During the last two week-ends, I went to two different events. That's part of my end-of-year sprint where I travel too much: SUSEcon and openSUSE Summit in September, OpenStack Summit and openSUSE Conference in October (oops, didn't find time to write about these events), two weeks vacation in Thailand in October/November (yes, we enjoyed the time there!), one week of team meeting in Prague right now, and two other trips to Paris during those few months... Crazy planning!
I attended these events with my advocate hat to deliver GNOME-related talks (and also to chat with people a bit about openSUSE, and of course to meet good friends of mine ;-)). I feel there's a big need on GNOME's side to communicate more and clarify our direction and opinions, and on top of that, there's a lot of mis-informed statements around that people blindly trust and that need to be debunked. My talks were simply part of my local contribution towards that goal. And apparently, that's something that seems to be most welcome!
The Journées du Logiciel Libre (or JDLL) is an event that occurs every year in Lyon. Lyon being close to home, it's an event I can attend quite easily and this is not something I can complain about ;-) We did have some great people at the event this year, including a french-turned-british-turned-french-again guy.
When I got asked to give a talk about GNOME this year, I wasn't sure I would have anything really interesting to tell, so I suggested an interactive session around the recent hot topics in GNOME (you know, GNOME OS, systemd, fallback mode, etc.). In the end, even though I had many slides ready, we simply discussed the questions that were raised by the audience, and I believe that this session proved to be very useful for the attendees. So a good experience, and a format I'll likely use again.
I also had the opportunity to play a bit with Firefox OS. I've been following the project for quite some time but never took time to really try it, so I was really glad to be able to take a long look at it. There's still some work to do, and, hrm, well, that was visible ;-) I managed to crash things without even trying to be nasty. I hope it will take off, though: there's a need for an alternative closer to our ideals.
The Debian France team organized a Mini-DebConf in Paris, and I was invited for a slot. I chose to talk about GNOME vs downstreams
, and discuss the love/hate relationship we have, and how the future direction can be good/bad for different downstreams.
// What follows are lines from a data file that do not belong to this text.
lemma ex_mult_power_powr_less:
  fixes c q L \<gamma> :: real
  assumes "c > 0" "q \<ge> 1" "q powr \<gamma> < L"
  shows "\<exists>n. (c * q ^ n) powr (\<gamma> - 1) < L ^ n / q ^ n"
proof -
  define \<rho> where "\<rho> = L / q powr \<gamma>"
  have "\<rho> > 1" using assms by (simp add: \<rho>_def less_divide_eq)
  then obtain n where n: "c powr (\<gamma> - 1) < \<rho> ^ n" using real_arch_pow by blast
  have "(c * q ^ n) powr (\<gamma> - 1) = c powr (\<gamma> - 1) * (q powr (\<gamma> - 1)) ^ n"
    using assms by (simp add: powr_mult powr_power powr_powr mult.commute flip: powr_realpow)
  also have "\<dots> < \<rho> ^ n * (q powr (\<gamma> - 1)) ^ n"
    using n \<open>q \<ge> 1\<close> by (intro mult_strict_right_mono) auto
  also have "\<rho> * q powr (\<gamma> - 1) = L / q"
    using \<open>q \<ge> 1\<close> by (simp add: \<rho>_def powr_diff)
  then have "\<rho> ^ n * (q powr (\<gamma> - 1)) ^ n = L ^ n / q ^ n"
    by (simp add: power_divide flip: power_mult_distrib)
  finally show ?thesis by blast
qed

lemma lower_conj_iota_le:
  assumes nonneg: "\<And>u. u > 0 \<Longrightarrow> 0 \<le> \<sigma> u" and "t \<ge> 0" and "u > 0"
  shows "lower_conj (iota \<sigma>) t \<le> \<sigma> u + t / u"
proof -
  have "bdd_below ((\<lambda>s. iota \<sigma> s + t * s) ` {0<..})"
    using nonneg \<open>t \<ge> 0\<close> by (intro bdd_belowI2[where m = 0]) (simp add: iota_def)
  then have "lower_conj (iota \<sigma>) t \<le> iota \<sigma> (1 / u) + t * (1 / u)"
    unfolding lower_conj_def using \<open>u > 0\<close> by (intro cINF_lower) auto
  then show ?thesis by (simp add: iota_def)
qed

lemma le_lower_conj_iota:
  assumes "\<And>u. u > 0 \<Longrightarrow> B \<le> \<sigma> u + t / u"
  shows "B \<le> lower_conj (iota \<sigma>) t"
  unfolding lower_conj_def
proof (rule cINF_greatest)
  fix s :: real
  assume "s \<in> {0<..}"
  then show "B \<le> iota \<sigma> s + t * s"
    using assms[of "1 / s"] by (simp add: iota_def)
qed auto

lemma le_mult_lower_conj_iota:
  assumes "c > 0" and "\<And>u. u > 0 \<Longrightarrow> B \<le> c * (\<sigma> u + t / u)"
  shows "B \<le> c * lower_conj (iota \<sigma>) t"
proof -
  have "B / c \<le> lower_conj (iota \<sigma>) t"
    using assms by (intro le_lower_conj_iota) (simp add: divide_le_eq mult.commute)
  then show ?thesis
    using \<open>c > 0\<close> by (simp add: divide_le_eq mult.commute)
qed

lemma lower_conj_iota_mult_le:
  assumes nonneg: "\<And>u. u > 0 \<Longrightarrow> 0 \<le> \<sigma> u" and "t \<ge> 0" and "L \<ge> 1"
  shows "lower_conj (iota \<sigma>) (L * t) \<le> L * lower_conj (iota \<sigma>) t"
proof (rule le_mult_lower_conj_iota)
  fix u :: real
  assume "u > 0"
  have "lower_conj (iota \<sigma>) (L * t) \<le> \<sigma> u + L * t / u"
    using lower_conj_iota_le[of \<sigma> "L * t" u] nonneg assms \<open>u > 0\<close> by simp
  also have "\<dots> \<le> L * (\<sigma> u + t / u)"
    using nonneg[OF \<open>u > 0\<close>] \<open>L \<ge> 1\<close> by (simp add: algebra_simps mult_le_cancel_right1)
  finally show "lower_conj (iota \<sigma>) (L * t) \<le> L * (\<sigma> u + t / u)" .
qed (use \<open>L \<ge> 1\<close> in simp)

lemma filterlim_lower_conj_iota_at_top:
  assumes nonneg: "\<And>u. u > 0 \<Longrightarrow> 0 \<le> \<sigma> u" and lim: "filterlim \<sigma> at_top at_top"
  shows "filterlim (lower_conj (iota \<sigma>)) at_top at_top"
  unfolding filterlim_at_top_ge[where c = 0]
proof (intro allI impI)
  fix B :: real
  assume "B \<ge> 0"
  obtain u0 where u0: "\<And>u. u \<ge> u0 \<Longrightarrow> B \<le> \<sigma> u"
    using lim unfolding filterlim_at_top eventually_at_top_linorder by blast
  show "eventually (\<lambda>t. B \<le> lower_conj (iota \<sigma>) t) at_top"
    using eventually_ge_at_top[of "B * u0"] eventually_ge_at_top[of 0]
  proof eventually_elim
    case (elim t)
    show ?case
    proof (rule le_lower_conj_iota)
      fix u :: real
      assume "u > 0"
      show "B \<le> \<sigma> u + t / u"
      proof (cases "u \<ge> u0")
        case True
        then show ?thesis using u0 elim \<open>u > 0\<close> by (simp add: add_increasing2)
      next
        case False
        then have "B * u \<le> t"
          using \<open>B \<ge> 0\<close> elim by (smt (verit) mult_left_mono)
        then show ?thesis
          using nonneg[OF \<open>u > 0\<close>] \<open>u > 0\<close> by (simp add: le_divide_eq add_increasing)
      qed
    qed
  qed
qed

lemma P_prop_lower_conj_iota_less_one:
  assumes nonneg: "\<And>u. u > 0 \<Longrightarrow> 0 \<le> \<sigma> u" and lim: "filterlim \<sigma> at_top at_top"
    and "0 < \<gamma>" "\<gamma> < 1"
  shows "P_prop (lower_conj (iota \<sigma>)) \<gamma>"
proof -
  have "(2::real) powr \<gamma> < 2"
    using powr_less_mono[OF \<open>\<gamma> < 1\<close>, of 2] by simp
  moreover have "eventually (\<lambda>t. lower_conj (iota \<sigma>) (2 * t) \<le> 2 * lower_conj (iota \<sigma>) t) at_top"
    using eventually_ge_at_top[of 0] by eventually_elim (simp add: lower_conj_iota_mult_le nonneg)
  ultimately show ?thesis
    by (intro P_propI[OF \<open>0 < \<gamma>\<close> filterlim_lower_conj_iota_at_top[OF nonneg lim], of 2]) auto
qed

lemma eventually_lower_conj_iota_mult_le:
  assumes nonneg: "\<And>u. u > 0 \<Longrightarrow> 0 \<le> \<sigma> u" and "L > 0" "q \<ge> 1"
    and "eventually (\<lambda>u. \<sigma> (L * u) \<le> q * \<sigma> u) at_top"
  shows "eventually (\<lambda>t. lower_conj (iota \<sigma>) (L * q * t) \<le> q * lower_conj (iota \<sigma>) t) at_top"
proof -
  let ?g = "lower_conj (iota \<sigma>)"
  obtain u0 where "u0 > 0" and u0: "\<And>u. u \<ge> u0 \<Longrightarrow> \<sigma> (L * u) \<le> q * \<sigma> u"
    using assms(4) unfolding eventually_at_top_linorder
    by (metis gt_ex le_less_trans less_le_not_le linorder_le_less_linear)
  show ?thesis
    using eventually_ge_at_top[of "2 * u0 * \<sigma> (2 * L * u0) / q"] eventually_ge_at_top[of 0]
  proof eventually_elim
    case (elim t)
    have Lqt: "L * q * t \<ge> 0" using \<open>L > 0\<close> \<open>q \<ge> 1\<close> elim by simp
    show ?case
    proof (rule le_mult_lower_conj_iota)
      fix u :: real
      assume "u > 0"
      show "?g (L * q * t) \<le> q * (\<sigma> u + t / u)"
      proof (cases "u \<ge> u0")
        case True
        have "?g (L * q * t) \<le> \<sigma> (L * u) + L * q * t / (L * u)"
          using lower_conj_iota_le[of \<sigma> "L * q * t" "L * u"] nonneg Lqt \<open>u > 0\<close> \<open>L > 0\<close> by simp
        also have "\<dots> \<le> q * \<sigma> u + q * (t / u)"
          using u0[OF True] \<open>L > 0\<close> by simp
        finally show ?thesis by (simp add: algebra_simps)
      next
        case False
        \<comment> \<open>Small \<open>u\<close> are beaten by the single test point \<open>2 L u0\<close>, whose cost
          \<open>\<sigma> (2 L u0)\<close> is absorbed into \<open>q t / (2 u0)\<close> once \<open>t\<close> is large.\<close>
        have "?g (L * q * t) \<le> \<sigma> (2 * L * u0) + L * q * t / (2 * L * u0)"
          using lower_conj_iota_le[of \<sigma> "L * q * t" "2 * L * u0"] nonneg Lqt \<open>u0 > 0\<close> \<open>L > 0\<close>
          by simp
        also have "\<dots> \<le> q * (t / u0)"
          using elim \<open>u0 > 0\<close> \<open>L > 0\<close> \<open>q \<ge> 1\<close> by (simp add: field_simps)
        also have "\<dots> \<le> q * (\<sigma> u + t / u)"
          using False \<open>u > 0\<close> elim nonneg[OF \<open>u > 0\<close>] \<open>q \<ge> 1\<close>
          by (intro mult_left_mono add_increasing divide_left_mono) auto
        finally show ?thesis .
      qed
    qed (use \<open>q \<ge> 1\<close> in simp)
  qed
qed

lemma P_prop_lower_conj_iota_add_one:
  assumes nonneg: "\<And>u. u > 0 \<Longrightarrow> 0 \<le> \<sigma> u" and lim: "filterlim \<sigma> at_top at_top"
    and "\<gamma> > 0" and "P_prop \<sigma> \<gamma>"
  shows "P_prop (lower_conj (iota \<sigma>)) (\<gamma> + 1)"
proof -
  obtain L q where "1 \<le> q" "q powr \<gamma> < L" and ev: "eventually (\<lambda>u. \<sigma> (L * u) \<le> q * \<sigma> u) at_top"
    using P_propE[OF \<open>P_prop \<sigma> \<gamma>\<close> \<open>\<gamma> > 0\<close> lim] by blast
  have "L > 0" using \<open>1 \<le> q\<close> \<open>q powr \<gamma> < L\<close> by (smt (verit) powr_gt_zero)
  have "q powr (\<gamma> + 1) = q powr \<gamma> * q" using \<open>1 \<le> q\<close> by (simp add: powr_add)
  also have "\<dots> < L * q" using \<open>q powr \<gamma> < L\<close> \<open>1 \<le> q\<close> by simp
  finally have "q powr (\<gamma> + 1) < L * q" .
  then show ?thesis
    using \<open>\<gamma> > 0\<close> \<open>1 \<le> q\<close> eventually_lower_conj_iota_mult_le[OF nonneg \<open>L > 0\<close> \<open>1 \<le> q\<close> ev]
    by (intro P_propI[OF _ filterlim_lower_conj_iota_at_top[OF nonneg lim]]) auto
qed

lemma upper_conj_lower_conj_iota_le:
  assumes nonneg: "\<And>u. u > 0 \<Longrightarrow> 0 \<le> \<sigma> u" and "N > 0" "Q \<ge> 0"
    and "eventually (\<lambda>t. lower_conj (iota \<sigma>) (N * t) \<le> Q * lower_conj (iota \<sigma>) t) at_top"
  shows "\<exists>D. \<forall>x>0. upper_conj (lower_conj (iota \<sigma>)) (Q / (N * x)) \<le> Q * \<sigma> x + D"
proof -
  let ?g = "lower_conj (iota \<sigma>)"
  obtain t0 where "t0 \<ge> 0" and t0: "\<And>t. t \<ge> t0 \<Longrightarrow> ?g (N * t) \<le> Q * ?g t"
    using assms(4) unfolding eventually_at_top_linorder by (metis linorder_le_cases order_trans)
  have "upper_conj ?g (Q / (N * x)) \<le> Q * \<sigma> x + (\<sigma> 1 + N * t0)" if "x > 0" for x
    unfolding upper_conj_def
  proof (rule cSUP_least)
    fix t :: real
    assume "t \<in> {0..}"
    then have "t \<ge> 0" by simp
    have "Q * \<sigma> x \<ge> 0" "Q / (N * x) * t \<ge> 0"
      using nonneg \<open>x > 0\<close> \<open>N > 0\<close> \<open>Q \<ge> 0\<close> \<open>t \<ge> 0\<close> by simp_all
    show "?g t - Q / (N * x) * t \<le> Q * \<sigma> x + (\<sigma> 1 + N * t0)"
    proof (cases "t \<ge> N * t0")
      case True
      then have "t / N \<ge> t0" using \<open>N > 0\<close> by (simp add: le_divide_eq mult.commute)
      then have "?g t \<le> Q * ?g (t / N)"
        using t0 \<open>N > 0\<close> by fastforce
      also have "\<dots> \<le> Q * (\<sigma> x + t / N / x)"
        using lower_conj_iota_le[of \<sigma> "t / N" x] nonneg \<open>t \<ge> 0\<close> \<open>N > 0\<close> \<open>x > 0\<close> \<open>Q \<ge> 0\<close>
        by (intro mult_left_mono) auto
      also have "\<dots> = Q * \<sigma> x + Q / (N * x) * t"
        by (simp add: field_simps)
      moreover have "N * t0 \<ge> 0" using \<open>t0 \<ge> 0\<close> \<open>N > 0\<close> by simp
      ultimately show ?thesis
        using nonneg[of 1] by simp
    next
      case False
      have "?g t \<le> \<sigma> 1 + t"
        using lower_conj_iota_le[of \<sigma> t 1] nonneg \<open>t \<ge> 0\<close> by simp
      then show ?thesis
        using False \<open>Q * \<sigma> x \<ge> 0\<close> \<open>Q / (N * x) * t \<ge> 0\<close> by linarith
    qed
  qed auto
  then show ?thesis by blast
qed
The idea was simply to get out some information out about what GNOME is doing, and to clarify where the project is heading, as this has some pretty big impact on our downstream friends. Obviously not everything is perfect in GNOME but I feel that the project is, overall, doing okay as an upstream. (I'm kind of sad to discover an ABI breakage in glib after I told to Stefano and Lucas that we were not breaking ABI in our platform; oh well).
This Mini-DebConf was a pleasant surprise, as there were quite a number of attendees, and the whole event went quite smoothly (well, at least for the day I was there). It was also interesting to hear about the different opinions with regards to the Debian release cycle (got some pretty good food for thoughts), and I enjoyed Sylvestre's talk about making Debian compiler agnostic. The event had many other great talks — definitely an event I'd recommend attending, even to non-Debian people.